Texte
intégral du Dahir sultanien du 16 mai 1930 nommé
"Dahir berbère" par les protégés
de la France coloniale
Louange à Dieu,
Que l'on sache
par la présente, que notre Majesté Chérifienne, Considérant que le
dahir de notre Auguste père, S.M. le Sultan Moulay Youssef, en date du
11 septembre 1914 a prescrit dans l'intérêt du bien de nos sujets et
de la tranquillité de l'Etat de respecter le statut coutumier des
tributs berbères pacifiées..., qu'il devient opportun de préciser
aujourd'hui les conditions particulières dans les quelles la justice
sera rendue dans les mêmes tribus:
A décrété ce qui suit :
Art. 1
Dans les tribus
de Notre Empire reconnues comme étant de coutume berbère, la répression
des infractions commises par les sujets marocains(1)
qui serait de la compétence des Caïds dans les autres parties
de l'Empire, est de la compétence des chefs de tribus.
Pour les autres infractions, la compétence et la répression sont
réglées par les articles 4 et 6 du présent dahir.
Art. 2
Sous réserve des
règles de compétence qui régissent les tribunaux français de Notre
Empire, les actions civiles ou commerciales, mobilières ou immobilières
sont jugées, en premier ou dernier ressort, suivant le taux qui sera
fixé par arrêté viziriel, par les juridictions spéciales appelées
tribunaux coutumiers. Ces tribunaux sont également compétents en tout
matière de statut personnel ou successoral. Ils appliquent, dans les
cas, la coutume locale.
Art. 3
L'appel des
jugements rendus par les tribunaux coutumiers, dans les cas où il
serait recevable, est portée devant les juridictions appelées
tribunaux d'appel coutumiers.
Art. 4
En matière pénal,
ces tribunaux d'appel sont également compétents, en premier et
dernier ressort, pour la répression des infractions prévues à
l'alinéa 2 de l'article premier ci-dessus, et en outre de toutes
les infractions commises par des membres des tribunaux coutumiers dont
la compétence normale est attribuée au chef de la tribu.
Art. 5
Auprès de chaque
tribunal coutumier de première instance ou d'appel est placé un
commissaire du Gouvernement, délégué par l'autorité régionale de
contrôle de laquelle il dépend.

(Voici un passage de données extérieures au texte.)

(* Consider the FlexPD-F iterates described in the context with $\alpha,\beta>0$ and integer $T\ge1$, and let $U=I-\alpha B$. If $U\succ 0$, i.e. $\alpha<1/\rho(B)$, then for every $p>1$ and every $k\ge0$, \[\|x^{k+1,T-1}-x^*\|_U^2+\frac{\alpha}{\beta}\|\lambda^k-\lambda^*\|^2\le \Gamma_F^{T-1}\Big(\|x^k-x^*\|_U^2+\frac{\alpha}{\beta}\|\lambda^k-\lambda^*\|^2\Big),\] where \[\Gamma_F=\max\Big\{1+\frac{p\alpha\beta\rho(AA')}{p-1},\; p\Big(\sqrt{\rho(U)}+\alpha L\sqrt{\rho(U^{-1})}\Big)^2\Big\}.\]
   Context: Setting: $n$ agents are connected by a connected undirected graph with edge set $\mathcal E$, $\epsilon=|\mathcal E|$. For $x\in\mathbb R^n$ let $f(x)=\sum_{i=1}^n f_i(x_i)$, where each $f_i:\mathbb R\to\mathbb R$ is twice differentiable with $m\le f_i''\le L$ for constants $0<m\le L$; $\nabla f(x)=(f_1'(x_1),\dots,f_n'(x_n))'$. $A\in\mathbb R^{\epsilon\times n}$ is the edge–node incidence matrix (null space spanned by the all-ones vector). $B\in\mathbb R^{n\times n}$ is symmetric positive semidefinite with the same null space as $A$, off-diagonal entries nonzero only on edges. $x^*$ is the unique minimizer of $f$ subject to $Ax=0$ and $\lambda^*$ a Lagrange multiplier with $\nabla f(x^* )+A'\lambda^*=0$, $Ax^*=0$, $Bx^*=0$, chosen in the column space of $A$. FlexPD-F: given $\alpha,\beta>0$, $T\ge1$, $x^0$ arbitrary, $\lambda^0=0$; for $k\ge0$: $x^{k+1,0}=x^k$, $x^{k+1,t}=(I-\alpha B)x^{k+1,t-1}-\alpha\nabla f(x^{k+1,t-1})-\alpha A'\lambda^k$ for $t=1,\dots,T$, $x^{k+1}=x^{k+1,T}$, $\lambda^{k+1}=\lambda^k+\beta Ax^{k+1}$. Notation: $\rho(S)$ is the largest eigenvalue of a symmetric matrix $S$ (if $B=0$, $1/\rho(B)=\infty$); $\|v\|_S^2=v'Sv$; $\|\cdot\|$ is the Euclidean norm. *)

theory Defs
  imports "HOL-Analysis.Analysis"
begin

Prés de chacune de ces juridictions
est également placé un secrétaire-greffier, lequel remplit en outre
les fonctions de notaire.
Art. 6
Les juridictions
françaises statuant en matière pénale suivant les règles qui leur
sont propres, sont compétentes pour la répression des crimes commis
en pays berbère quelle que soit la condition de l'auteur du crime(2).
Dans ces cas est applicable le dahir du 12 août 1913 (9 ramadan
1331) sur la procédure criminelle.
Art. 7
Les actions
immobilières auxquelles seraient parties, soit comme demandeur, soit
comme défendeur, des ressortissants des juridictions françaises, sont
de la compétence de ces juridictions.
Art. 8
Toutes les règles
d'organisations, de composition et de fonctionnement des tribunaux
coutumiers seront fixés par arrêtés viziriels successifs, selon
les cas et suivants les besoins.
Fait
à Rabat, le 17 Hijja 1348 (16 mai 1930) vu pour promulgation
et mise à execution : Rabat, le 23 mai 1930.
Le
commissaire-Résident général, LUCIEN SAINT.
(1)
: Preuve irréfutable que le dahir
s'appliquait sans discrimination à tous les citoyens marocains
et qu'il avait une compétence territorial et non ethnique.
(2) :
Le législateur avait tenu, pour eviter d'éventuelles
contestations judiciaires sur la compétence des tribunaux
francais en la matière, à préciser que ces
juridictions étaient compétentes quel que fût
le régime juridique de l'auteur du crime (Orf ou Chraâ),
ou leur appartenance ethnique ou religieuse.